* _Work request_
Filter the data for lines with the word "lemma", then copy every line so identified.

* _The data_
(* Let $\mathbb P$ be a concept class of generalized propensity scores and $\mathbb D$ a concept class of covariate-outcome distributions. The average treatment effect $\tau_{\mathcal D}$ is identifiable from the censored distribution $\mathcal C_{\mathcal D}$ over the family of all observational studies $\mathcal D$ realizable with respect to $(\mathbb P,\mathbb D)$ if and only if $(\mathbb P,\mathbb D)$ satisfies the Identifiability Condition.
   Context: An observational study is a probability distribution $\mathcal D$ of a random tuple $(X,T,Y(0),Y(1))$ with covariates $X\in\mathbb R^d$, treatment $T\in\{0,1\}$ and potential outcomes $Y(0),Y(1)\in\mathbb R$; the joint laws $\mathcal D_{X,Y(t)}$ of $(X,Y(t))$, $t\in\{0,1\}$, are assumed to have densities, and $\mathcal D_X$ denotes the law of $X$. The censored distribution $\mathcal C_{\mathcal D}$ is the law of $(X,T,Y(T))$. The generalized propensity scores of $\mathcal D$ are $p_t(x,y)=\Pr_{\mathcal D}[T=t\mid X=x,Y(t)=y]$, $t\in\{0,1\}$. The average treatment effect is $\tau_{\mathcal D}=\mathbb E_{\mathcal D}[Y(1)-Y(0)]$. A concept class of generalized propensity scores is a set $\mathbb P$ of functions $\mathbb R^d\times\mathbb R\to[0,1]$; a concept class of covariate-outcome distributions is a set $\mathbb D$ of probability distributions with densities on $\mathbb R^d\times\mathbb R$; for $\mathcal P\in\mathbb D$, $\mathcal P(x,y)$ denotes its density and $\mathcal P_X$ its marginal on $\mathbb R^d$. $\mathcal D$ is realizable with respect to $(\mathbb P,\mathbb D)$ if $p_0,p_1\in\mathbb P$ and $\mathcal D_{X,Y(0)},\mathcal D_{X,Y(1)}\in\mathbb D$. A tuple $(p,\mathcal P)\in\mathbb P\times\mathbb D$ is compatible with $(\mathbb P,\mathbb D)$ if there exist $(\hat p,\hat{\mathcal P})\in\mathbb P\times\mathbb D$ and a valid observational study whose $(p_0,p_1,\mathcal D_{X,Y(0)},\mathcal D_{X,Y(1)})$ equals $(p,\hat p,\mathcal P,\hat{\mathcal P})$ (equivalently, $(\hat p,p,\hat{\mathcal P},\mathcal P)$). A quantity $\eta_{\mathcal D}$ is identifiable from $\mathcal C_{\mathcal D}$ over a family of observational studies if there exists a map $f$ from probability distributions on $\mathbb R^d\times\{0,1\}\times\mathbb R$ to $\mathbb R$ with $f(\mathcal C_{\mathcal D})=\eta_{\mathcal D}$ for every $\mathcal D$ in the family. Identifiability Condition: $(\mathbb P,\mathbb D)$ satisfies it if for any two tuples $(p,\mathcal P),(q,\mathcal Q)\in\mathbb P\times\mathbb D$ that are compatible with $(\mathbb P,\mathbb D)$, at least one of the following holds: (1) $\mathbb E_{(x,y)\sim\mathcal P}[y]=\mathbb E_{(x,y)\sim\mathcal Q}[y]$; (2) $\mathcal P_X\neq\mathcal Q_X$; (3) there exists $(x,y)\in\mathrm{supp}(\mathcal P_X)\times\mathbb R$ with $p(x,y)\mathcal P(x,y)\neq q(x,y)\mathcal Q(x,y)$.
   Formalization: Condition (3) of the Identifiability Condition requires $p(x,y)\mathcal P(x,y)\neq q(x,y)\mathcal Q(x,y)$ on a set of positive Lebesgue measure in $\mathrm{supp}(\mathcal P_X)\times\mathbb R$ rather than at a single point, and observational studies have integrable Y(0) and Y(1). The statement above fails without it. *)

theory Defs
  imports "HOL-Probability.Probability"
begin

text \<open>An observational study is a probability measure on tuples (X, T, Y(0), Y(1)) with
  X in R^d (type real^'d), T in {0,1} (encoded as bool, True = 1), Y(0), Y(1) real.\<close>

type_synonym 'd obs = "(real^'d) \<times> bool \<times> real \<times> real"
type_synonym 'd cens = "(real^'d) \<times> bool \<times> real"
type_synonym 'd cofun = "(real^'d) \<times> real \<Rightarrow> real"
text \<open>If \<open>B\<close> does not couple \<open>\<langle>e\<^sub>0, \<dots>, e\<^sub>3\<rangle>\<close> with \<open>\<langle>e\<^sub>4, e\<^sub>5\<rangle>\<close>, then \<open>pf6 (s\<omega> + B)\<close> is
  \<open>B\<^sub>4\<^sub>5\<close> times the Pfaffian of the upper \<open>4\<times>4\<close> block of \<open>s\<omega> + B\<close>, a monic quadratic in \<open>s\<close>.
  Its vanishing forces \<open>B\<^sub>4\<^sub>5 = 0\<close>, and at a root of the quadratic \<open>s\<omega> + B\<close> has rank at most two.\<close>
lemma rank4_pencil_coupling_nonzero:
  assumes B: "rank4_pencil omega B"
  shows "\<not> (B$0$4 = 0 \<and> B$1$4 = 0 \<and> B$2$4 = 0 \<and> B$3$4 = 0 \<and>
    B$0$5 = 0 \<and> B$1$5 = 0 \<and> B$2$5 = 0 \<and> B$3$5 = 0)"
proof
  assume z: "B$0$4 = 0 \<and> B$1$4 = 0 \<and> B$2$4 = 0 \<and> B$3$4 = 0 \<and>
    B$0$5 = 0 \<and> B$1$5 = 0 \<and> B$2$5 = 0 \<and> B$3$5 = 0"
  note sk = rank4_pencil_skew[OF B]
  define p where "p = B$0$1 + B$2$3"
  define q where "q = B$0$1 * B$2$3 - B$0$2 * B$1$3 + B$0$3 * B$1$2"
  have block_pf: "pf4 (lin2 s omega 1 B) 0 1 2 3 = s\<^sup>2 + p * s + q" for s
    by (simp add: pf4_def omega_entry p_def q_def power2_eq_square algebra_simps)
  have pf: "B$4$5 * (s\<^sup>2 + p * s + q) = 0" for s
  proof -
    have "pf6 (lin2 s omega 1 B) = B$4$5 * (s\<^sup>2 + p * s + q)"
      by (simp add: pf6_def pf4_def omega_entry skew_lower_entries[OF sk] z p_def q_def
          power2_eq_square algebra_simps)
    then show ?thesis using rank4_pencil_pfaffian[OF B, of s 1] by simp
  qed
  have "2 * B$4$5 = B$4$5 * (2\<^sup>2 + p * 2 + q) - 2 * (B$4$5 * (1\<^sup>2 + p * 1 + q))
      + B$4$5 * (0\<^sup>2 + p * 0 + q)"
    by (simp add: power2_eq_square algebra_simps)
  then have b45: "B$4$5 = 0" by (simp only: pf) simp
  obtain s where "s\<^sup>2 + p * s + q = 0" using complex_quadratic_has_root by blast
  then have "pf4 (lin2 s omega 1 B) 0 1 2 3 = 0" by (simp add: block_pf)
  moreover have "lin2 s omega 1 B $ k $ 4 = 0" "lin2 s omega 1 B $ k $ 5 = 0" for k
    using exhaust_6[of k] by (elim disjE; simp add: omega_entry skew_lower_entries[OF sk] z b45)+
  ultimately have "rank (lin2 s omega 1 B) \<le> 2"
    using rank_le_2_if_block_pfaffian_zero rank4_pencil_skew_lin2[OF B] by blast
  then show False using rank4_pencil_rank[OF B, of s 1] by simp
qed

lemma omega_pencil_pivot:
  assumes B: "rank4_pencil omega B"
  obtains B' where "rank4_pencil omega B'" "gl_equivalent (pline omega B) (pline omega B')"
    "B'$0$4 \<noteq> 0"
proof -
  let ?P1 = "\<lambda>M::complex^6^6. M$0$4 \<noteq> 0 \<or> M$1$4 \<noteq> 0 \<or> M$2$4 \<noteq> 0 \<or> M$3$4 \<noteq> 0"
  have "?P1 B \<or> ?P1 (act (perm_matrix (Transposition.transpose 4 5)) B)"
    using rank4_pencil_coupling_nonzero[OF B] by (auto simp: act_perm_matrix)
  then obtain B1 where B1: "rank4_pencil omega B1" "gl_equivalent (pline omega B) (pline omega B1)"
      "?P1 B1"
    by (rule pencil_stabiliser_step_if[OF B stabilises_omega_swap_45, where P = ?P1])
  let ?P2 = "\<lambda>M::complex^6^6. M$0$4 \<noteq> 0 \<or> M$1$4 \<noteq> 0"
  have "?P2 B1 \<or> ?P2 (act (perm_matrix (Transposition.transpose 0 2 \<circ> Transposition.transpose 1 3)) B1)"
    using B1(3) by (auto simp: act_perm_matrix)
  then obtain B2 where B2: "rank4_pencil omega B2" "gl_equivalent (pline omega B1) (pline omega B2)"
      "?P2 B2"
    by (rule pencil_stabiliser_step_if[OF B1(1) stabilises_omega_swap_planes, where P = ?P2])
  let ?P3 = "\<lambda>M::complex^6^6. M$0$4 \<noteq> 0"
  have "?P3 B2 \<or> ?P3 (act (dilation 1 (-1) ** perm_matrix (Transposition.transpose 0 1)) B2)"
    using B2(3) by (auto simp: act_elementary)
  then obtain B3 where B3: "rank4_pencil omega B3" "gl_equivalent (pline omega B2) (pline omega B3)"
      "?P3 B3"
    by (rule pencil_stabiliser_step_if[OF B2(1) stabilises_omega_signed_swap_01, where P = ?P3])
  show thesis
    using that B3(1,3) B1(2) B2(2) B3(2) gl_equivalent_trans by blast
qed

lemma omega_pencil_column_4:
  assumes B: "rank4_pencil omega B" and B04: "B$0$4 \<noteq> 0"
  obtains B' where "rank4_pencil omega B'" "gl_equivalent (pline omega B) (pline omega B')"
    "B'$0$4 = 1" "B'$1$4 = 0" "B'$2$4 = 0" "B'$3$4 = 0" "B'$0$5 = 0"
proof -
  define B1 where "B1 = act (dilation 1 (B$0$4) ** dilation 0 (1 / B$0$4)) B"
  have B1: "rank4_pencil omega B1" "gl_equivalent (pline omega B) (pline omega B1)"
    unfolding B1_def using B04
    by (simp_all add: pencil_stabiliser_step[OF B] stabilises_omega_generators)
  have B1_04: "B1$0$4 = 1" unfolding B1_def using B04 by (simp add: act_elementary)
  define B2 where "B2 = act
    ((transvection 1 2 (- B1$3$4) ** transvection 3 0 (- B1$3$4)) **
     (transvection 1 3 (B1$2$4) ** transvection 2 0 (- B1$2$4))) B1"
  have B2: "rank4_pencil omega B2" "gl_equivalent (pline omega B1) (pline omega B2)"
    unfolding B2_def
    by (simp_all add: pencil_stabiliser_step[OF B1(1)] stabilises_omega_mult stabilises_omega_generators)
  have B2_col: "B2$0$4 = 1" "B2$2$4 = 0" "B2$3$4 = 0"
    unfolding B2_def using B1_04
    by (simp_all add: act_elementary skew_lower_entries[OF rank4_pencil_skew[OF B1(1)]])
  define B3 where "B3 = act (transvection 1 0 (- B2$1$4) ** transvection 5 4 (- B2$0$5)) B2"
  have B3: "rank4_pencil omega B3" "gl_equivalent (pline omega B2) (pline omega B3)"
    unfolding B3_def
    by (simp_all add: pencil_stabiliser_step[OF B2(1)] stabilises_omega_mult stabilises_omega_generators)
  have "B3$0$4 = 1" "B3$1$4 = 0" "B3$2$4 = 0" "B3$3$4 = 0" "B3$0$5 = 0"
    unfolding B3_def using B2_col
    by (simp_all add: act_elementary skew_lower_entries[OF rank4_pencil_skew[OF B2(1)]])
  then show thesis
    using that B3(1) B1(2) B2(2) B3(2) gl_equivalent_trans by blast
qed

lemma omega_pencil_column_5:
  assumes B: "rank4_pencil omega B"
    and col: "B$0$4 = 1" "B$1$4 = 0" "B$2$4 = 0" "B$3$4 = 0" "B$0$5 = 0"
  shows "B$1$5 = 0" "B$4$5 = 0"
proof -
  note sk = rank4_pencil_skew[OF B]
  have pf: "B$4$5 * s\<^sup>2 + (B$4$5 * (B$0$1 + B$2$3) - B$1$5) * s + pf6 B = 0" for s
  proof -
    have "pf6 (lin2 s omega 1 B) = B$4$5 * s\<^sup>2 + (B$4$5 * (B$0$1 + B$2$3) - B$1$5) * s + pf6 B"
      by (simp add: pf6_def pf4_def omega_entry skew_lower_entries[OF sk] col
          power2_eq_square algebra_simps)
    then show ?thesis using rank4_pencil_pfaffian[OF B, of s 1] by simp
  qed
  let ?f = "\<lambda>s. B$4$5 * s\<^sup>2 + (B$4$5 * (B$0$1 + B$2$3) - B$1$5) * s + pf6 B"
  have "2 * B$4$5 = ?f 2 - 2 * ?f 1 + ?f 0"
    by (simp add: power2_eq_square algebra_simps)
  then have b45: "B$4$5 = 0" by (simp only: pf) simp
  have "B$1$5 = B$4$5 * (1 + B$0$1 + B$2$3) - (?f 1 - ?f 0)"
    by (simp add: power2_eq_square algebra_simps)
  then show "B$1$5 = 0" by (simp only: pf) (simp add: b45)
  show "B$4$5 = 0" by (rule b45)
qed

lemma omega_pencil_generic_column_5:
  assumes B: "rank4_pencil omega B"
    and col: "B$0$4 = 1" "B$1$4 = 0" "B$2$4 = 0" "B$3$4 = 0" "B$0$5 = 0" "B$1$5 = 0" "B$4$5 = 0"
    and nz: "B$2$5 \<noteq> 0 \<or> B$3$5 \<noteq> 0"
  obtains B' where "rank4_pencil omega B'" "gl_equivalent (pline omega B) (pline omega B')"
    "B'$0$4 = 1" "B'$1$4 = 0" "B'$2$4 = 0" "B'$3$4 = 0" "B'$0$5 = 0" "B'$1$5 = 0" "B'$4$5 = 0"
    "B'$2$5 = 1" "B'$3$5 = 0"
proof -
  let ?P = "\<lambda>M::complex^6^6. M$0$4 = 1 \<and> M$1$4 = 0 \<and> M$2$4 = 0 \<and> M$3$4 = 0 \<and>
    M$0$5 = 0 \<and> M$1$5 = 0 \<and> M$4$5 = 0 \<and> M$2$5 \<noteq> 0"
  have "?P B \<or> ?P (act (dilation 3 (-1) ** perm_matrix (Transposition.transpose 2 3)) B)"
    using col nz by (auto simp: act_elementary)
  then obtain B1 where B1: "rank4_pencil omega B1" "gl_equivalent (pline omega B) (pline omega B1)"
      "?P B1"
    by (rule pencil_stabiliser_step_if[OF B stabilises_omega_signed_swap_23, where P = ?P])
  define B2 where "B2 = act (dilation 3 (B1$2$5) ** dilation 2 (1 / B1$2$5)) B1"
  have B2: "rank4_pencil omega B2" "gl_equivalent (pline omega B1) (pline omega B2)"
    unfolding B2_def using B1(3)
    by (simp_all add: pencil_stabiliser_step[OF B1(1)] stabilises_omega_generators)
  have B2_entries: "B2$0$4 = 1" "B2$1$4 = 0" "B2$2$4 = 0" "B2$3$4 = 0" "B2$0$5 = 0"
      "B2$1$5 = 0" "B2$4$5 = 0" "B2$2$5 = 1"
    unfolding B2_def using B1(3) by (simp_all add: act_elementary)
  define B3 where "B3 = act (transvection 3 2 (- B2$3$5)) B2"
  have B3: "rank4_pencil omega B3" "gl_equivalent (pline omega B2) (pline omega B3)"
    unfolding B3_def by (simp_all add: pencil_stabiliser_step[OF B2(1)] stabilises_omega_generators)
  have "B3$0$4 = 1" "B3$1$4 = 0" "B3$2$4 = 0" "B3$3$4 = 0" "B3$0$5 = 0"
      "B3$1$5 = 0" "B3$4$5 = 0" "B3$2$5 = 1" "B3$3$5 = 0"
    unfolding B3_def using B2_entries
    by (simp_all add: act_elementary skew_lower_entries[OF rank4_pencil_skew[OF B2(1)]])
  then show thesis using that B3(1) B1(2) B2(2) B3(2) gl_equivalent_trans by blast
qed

* _Task solution_
lemma rank4_pencil_coupling_nonzero:
lemma omega_pencil_pivot:
lemma omega_pencil_column_4:
lemma omega_pencil_column_5:
lemma omega_pencil_generic_column_5:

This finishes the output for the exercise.